EXERCISE OBJECTIVE => Lines with the word "else" are the answer; copy each of them from the data below.

Dataset entries =>

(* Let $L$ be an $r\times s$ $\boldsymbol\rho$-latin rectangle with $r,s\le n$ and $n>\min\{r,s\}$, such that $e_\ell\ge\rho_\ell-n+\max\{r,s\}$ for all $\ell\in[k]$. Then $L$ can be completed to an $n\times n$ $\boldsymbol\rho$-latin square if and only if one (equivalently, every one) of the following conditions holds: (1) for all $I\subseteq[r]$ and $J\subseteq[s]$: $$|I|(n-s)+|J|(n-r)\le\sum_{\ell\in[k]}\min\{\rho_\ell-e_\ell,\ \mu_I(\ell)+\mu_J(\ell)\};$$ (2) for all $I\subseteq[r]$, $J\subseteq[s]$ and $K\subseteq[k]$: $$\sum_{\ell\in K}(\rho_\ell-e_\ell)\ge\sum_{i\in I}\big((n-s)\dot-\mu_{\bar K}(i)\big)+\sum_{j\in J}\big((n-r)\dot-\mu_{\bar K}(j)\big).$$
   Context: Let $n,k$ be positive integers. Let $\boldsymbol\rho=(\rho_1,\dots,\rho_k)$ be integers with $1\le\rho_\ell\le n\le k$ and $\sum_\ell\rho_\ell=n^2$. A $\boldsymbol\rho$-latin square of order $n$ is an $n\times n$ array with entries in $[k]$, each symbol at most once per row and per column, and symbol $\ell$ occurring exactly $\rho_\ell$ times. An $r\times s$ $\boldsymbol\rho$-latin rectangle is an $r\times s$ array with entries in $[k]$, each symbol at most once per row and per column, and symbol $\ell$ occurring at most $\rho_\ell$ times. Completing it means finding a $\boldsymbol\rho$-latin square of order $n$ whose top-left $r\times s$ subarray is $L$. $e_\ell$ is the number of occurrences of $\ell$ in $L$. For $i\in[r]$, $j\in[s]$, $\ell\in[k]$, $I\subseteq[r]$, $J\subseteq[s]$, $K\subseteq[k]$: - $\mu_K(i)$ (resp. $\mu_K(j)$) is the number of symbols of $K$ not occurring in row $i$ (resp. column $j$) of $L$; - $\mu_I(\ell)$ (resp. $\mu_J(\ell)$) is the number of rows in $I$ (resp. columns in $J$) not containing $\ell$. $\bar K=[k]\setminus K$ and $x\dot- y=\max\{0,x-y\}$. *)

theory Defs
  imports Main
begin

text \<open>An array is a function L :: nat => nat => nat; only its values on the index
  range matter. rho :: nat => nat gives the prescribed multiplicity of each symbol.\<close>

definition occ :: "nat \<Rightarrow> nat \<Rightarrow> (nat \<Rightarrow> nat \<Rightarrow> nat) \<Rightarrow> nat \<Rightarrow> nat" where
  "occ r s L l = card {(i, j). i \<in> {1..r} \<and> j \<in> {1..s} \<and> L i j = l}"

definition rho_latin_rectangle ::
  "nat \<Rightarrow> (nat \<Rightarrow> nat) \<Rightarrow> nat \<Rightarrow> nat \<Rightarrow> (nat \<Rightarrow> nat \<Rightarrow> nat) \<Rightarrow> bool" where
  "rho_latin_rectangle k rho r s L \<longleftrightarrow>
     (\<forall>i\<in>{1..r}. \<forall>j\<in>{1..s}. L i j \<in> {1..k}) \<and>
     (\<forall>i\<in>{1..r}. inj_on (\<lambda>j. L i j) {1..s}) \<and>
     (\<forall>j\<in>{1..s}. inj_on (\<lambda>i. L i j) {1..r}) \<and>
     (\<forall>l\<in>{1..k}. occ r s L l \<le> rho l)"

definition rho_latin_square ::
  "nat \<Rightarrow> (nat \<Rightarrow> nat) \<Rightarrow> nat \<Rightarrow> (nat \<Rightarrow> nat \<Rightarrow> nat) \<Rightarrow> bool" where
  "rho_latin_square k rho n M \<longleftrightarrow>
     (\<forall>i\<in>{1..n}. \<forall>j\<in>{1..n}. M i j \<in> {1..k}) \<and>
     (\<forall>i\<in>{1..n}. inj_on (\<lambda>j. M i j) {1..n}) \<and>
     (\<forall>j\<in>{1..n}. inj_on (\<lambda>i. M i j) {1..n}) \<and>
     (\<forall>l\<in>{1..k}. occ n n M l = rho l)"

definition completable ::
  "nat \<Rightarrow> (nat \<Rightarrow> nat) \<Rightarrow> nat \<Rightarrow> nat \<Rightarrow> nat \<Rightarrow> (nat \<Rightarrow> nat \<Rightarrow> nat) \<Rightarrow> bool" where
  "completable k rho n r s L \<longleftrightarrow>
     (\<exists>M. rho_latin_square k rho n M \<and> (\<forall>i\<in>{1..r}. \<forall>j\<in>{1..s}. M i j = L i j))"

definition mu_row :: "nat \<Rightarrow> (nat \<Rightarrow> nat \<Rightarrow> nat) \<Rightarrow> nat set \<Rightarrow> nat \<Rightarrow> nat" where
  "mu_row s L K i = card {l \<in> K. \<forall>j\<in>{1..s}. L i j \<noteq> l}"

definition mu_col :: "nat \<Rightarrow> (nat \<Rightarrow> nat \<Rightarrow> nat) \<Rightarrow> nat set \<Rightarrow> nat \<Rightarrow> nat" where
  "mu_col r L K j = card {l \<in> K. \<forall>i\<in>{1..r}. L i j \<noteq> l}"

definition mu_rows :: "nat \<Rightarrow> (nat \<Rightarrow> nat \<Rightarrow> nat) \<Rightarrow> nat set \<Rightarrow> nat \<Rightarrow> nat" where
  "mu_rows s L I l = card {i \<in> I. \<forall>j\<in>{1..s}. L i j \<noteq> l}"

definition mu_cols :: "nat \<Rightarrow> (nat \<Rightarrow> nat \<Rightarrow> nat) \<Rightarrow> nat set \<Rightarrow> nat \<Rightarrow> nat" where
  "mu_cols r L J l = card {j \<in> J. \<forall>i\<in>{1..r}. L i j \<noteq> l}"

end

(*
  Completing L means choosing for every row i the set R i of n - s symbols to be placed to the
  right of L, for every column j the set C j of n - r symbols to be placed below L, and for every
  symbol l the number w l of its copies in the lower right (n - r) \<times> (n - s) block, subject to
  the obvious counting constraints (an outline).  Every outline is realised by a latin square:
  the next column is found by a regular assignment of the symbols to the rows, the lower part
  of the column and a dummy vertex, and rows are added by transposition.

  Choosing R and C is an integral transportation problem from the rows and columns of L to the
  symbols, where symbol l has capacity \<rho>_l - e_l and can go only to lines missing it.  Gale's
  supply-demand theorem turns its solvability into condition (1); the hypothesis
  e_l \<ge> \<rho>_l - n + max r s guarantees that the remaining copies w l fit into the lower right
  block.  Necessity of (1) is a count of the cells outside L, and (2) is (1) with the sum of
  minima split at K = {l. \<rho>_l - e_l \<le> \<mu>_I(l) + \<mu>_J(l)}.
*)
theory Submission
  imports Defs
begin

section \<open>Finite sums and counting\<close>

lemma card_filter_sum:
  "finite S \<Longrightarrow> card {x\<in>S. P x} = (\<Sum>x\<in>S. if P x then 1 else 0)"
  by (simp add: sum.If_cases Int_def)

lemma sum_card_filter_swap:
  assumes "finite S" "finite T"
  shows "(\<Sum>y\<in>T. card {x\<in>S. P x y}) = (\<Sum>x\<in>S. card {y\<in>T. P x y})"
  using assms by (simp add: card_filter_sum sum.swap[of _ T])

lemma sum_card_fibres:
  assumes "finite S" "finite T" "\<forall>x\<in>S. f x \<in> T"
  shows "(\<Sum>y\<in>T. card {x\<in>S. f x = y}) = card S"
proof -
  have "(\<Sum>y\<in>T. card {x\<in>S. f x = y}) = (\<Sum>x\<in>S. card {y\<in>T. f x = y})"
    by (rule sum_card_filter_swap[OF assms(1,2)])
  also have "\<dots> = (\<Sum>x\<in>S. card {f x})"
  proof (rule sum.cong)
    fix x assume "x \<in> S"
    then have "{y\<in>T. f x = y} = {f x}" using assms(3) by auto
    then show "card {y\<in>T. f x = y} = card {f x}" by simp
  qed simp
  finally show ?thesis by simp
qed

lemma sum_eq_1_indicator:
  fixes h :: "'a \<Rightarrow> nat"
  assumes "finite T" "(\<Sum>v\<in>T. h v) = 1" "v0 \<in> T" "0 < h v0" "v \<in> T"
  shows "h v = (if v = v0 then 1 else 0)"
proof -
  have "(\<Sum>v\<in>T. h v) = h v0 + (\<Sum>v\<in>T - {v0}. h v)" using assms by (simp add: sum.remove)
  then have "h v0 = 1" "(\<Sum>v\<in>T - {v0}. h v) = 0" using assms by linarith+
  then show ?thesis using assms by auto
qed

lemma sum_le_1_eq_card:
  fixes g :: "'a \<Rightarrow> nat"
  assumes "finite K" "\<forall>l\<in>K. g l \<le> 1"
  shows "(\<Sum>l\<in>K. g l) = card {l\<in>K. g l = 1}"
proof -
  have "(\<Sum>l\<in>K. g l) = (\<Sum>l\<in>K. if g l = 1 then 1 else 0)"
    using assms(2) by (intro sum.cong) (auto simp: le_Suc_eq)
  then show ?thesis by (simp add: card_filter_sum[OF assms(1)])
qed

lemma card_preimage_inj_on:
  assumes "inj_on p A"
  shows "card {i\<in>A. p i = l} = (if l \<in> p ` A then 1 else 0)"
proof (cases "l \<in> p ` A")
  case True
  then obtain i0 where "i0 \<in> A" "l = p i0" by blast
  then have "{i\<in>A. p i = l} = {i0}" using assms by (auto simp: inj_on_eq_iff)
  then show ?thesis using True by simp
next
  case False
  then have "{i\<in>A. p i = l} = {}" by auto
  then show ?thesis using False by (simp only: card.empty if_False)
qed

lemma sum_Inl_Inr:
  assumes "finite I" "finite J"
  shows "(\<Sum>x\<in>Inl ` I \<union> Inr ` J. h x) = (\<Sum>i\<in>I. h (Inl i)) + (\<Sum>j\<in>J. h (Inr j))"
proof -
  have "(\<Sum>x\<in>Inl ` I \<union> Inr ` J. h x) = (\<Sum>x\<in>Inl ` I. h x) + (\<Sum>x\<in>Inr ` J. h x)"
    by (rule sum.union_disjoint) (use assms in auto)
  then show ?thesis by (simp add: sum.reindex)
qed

EXPECTED ANSWER =>
  "finite S \<Longrightarrow> card {x\<in>S. P x} = (\<Sum>x\<in>S. if P x then 1 else 0)"
  shows "h v = (if v = v0 then 1 else 0)"
  have "(\<Sum>l\<in>K. g l) = (\<Sum>l\<in>K. if g l = 1 then 1 else 0)"
  shows "card {i\<in>A. p i = l} = (if l \<in> p ` A then 1 else 0)"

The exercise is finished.